A bare number is all that is needed: how many lines below contain the string "thesis"?

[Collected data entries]
=-=-=-=-=

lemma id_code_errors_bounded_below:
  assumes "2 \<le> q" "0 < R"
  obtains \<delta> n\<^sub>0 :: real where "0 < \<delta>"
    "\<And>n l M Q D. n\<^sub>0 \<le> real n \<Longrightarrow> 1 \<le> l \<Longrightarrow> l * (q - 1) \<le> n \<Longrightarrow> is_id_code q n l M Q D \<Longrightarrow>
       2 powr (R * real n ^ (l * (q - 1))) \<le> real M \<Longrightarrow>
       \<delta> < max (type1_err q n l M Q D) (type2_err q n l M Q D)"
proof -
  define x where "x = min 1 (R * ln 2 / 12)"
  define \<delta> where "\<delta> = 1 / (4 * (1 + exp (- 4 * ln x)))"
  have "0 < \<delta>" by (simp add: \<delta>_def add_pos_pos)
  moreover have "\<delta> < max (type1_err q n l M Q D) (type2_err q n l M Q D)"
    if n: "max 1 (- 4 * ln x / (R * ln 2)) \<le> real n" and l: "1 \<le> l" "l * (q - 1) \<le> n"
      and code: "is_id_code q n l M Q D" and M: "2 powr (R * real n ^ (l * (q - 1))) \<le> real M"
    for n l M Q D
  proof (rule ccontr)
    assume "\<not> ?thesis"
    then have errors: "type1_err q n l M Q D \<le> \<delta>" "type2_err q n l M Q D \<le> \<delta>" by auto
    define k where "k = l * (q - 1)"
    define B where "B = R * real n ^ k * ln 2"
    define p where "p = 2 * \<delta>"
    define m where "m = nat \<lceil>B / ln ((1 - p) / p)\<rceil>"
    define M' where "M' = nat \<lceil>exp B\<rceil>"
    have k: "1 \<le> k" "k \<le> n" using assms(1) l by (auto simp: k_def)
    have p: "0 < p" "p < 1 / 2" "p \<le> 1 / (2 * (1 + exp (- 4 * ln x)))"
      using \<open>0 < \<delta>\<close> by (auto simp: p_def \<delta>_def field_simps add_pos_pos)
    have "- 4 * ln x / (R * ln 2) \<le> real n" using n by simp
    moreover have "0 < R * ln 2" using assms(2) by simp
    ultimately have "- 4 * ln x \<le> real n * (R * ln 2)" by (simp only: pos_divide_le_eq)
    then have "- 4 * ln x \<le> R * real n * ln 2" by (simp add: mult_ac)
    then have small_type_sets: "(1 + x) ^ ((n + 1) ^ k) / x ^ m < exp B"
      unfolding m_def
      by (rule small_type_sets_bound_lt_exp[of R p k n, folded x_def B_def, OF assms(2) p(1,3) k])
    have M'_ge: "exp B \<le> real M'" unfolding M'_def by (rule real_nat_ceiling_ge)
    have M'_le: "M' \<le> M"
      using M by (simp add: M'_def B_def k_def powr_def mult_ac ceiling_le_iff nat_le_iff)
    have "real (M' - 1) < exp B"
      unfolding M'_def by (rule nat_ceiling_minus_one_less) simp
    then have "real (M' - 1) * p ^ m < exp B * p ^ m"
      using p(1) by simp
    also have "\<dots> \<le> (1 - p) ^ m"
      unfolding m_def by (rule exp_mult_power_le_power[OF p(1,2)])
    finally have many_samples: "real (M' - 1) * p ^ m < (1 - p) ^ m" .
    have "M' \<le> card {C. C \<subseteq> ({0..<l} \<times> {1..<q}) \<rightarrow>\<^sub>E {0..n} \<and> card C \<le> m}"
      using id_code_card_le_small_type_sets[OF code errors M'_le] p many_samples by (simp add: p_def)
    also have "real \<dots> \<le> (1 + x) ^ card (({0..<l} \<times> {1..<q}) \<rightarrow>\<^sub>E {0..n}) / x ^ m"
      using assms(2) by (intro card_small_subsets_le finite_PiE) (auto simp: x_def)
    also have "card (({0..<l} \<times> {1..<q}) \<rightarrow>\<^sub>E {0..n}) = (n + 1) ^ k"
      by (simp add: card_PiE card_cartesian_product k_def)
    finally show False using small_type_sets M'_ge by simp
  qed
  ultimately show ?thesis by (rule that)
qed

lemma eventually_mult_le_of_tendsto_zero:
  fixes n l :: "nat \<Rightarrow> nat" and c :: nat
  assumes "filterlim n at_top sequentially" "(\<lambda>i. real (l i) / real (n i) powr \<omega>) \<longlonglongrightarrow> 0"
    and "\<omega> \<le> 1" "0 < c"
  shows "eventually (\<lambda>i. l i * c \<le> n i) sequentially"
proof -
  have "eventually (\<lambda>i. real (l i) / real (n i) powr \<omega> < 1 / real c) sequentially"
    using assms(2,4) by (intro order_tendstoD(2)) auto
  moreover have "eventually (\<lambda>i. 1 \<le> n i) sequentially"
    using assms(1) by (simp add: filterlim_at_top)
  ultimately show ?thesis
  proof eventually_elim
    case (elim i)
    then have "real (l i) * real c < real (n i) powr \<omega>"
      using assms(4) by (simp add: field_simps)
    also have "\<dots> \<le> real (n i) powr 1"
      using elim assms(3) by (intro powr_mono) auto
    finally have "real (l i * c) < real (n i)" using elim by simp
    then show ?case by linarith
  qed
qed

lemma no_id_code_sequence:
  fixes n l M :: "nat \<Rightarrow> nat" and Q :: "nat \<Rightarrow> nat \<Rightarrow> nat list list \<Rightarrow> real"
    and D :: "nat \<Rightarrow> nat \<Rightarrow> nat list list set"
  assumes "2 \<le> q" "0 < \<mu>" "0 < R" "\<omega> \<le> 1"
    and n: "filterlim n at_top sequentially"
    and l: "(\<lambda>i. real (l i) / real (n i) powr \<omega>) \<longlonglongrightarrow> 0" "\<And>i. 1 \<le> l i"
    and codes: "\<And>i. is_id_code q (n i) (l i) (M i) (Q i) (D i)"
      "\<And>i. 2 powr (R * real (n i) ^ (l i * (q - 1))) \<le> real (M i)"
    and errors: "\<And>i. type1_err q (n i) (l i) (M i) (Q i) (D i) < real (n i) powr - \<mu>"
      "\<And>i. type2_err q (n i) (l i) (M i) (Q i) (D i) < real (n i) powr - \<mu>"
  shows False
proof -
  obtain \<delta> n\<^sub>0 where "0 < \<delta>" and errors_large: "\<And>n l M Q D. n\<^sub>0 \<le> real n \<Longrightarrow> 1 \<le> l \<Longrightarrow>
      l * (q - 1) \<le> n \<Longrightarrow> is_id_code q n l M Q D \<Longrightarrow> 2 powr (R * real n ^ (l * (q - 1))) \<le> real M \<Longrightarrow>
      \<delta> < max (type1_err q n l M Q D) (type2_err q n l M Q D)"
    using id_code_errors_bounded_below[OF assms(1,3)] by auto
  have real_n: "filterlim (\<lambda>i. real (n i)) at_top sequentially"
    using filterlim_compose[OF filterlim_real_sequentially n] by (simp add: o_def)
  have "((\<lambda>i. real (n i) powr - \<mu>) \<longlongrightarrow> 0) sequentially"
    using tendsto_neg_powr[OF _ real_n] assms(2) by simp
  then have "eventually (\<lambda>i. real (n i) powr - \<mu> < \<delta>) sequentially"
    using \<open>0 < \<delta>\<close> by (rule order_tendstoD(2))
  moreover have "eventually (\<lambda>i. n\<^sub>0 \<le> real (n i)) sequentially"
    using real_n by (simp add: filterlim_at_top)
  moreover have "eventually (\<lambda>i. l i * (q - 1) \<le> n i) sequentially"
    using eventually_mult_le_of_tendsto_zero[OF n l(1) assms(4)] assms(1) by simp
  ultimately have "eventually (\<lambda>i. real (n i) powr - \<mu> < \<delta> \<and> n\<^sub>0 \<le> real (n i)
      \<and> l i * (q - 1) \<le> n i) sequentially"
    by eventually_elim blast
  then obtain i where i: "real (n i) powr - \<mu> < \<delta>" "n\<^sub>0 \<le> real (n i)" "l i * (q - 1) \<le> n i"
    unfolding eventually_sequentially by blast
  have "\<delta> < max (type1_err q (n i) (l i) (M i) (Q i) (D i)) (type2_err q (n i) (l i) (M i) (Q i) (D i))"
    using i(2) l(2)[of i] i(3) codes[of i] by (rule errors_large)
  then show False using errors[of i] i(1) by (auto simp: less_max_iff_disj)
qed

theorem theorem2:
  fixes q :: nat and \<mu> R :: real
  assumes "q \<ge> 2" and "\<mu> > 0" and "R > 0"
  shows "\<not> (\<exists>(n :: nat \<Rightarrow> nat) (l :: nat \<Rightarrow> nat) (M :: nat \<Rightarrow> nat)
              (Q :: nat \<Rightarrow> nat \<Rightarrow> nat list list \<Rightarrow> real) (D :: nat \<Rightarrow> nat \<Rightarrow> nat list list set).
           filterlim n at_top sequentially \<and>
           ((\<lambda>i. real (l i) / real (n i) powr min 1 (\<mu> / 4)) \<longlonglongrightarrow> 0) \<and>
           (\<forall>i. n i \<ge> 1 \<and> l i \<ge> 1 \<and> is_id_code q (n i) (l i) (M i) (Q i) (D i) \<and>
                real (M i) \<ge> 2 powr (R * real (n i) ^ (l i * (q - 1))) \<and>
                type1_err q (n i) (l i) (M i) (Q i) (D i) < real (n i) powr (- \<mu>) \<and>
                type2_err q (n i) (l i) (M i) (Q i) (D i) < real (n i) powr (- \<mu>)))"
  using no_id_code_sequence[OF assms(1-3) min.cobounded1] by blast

=-=-=-=-=

- Task result -
3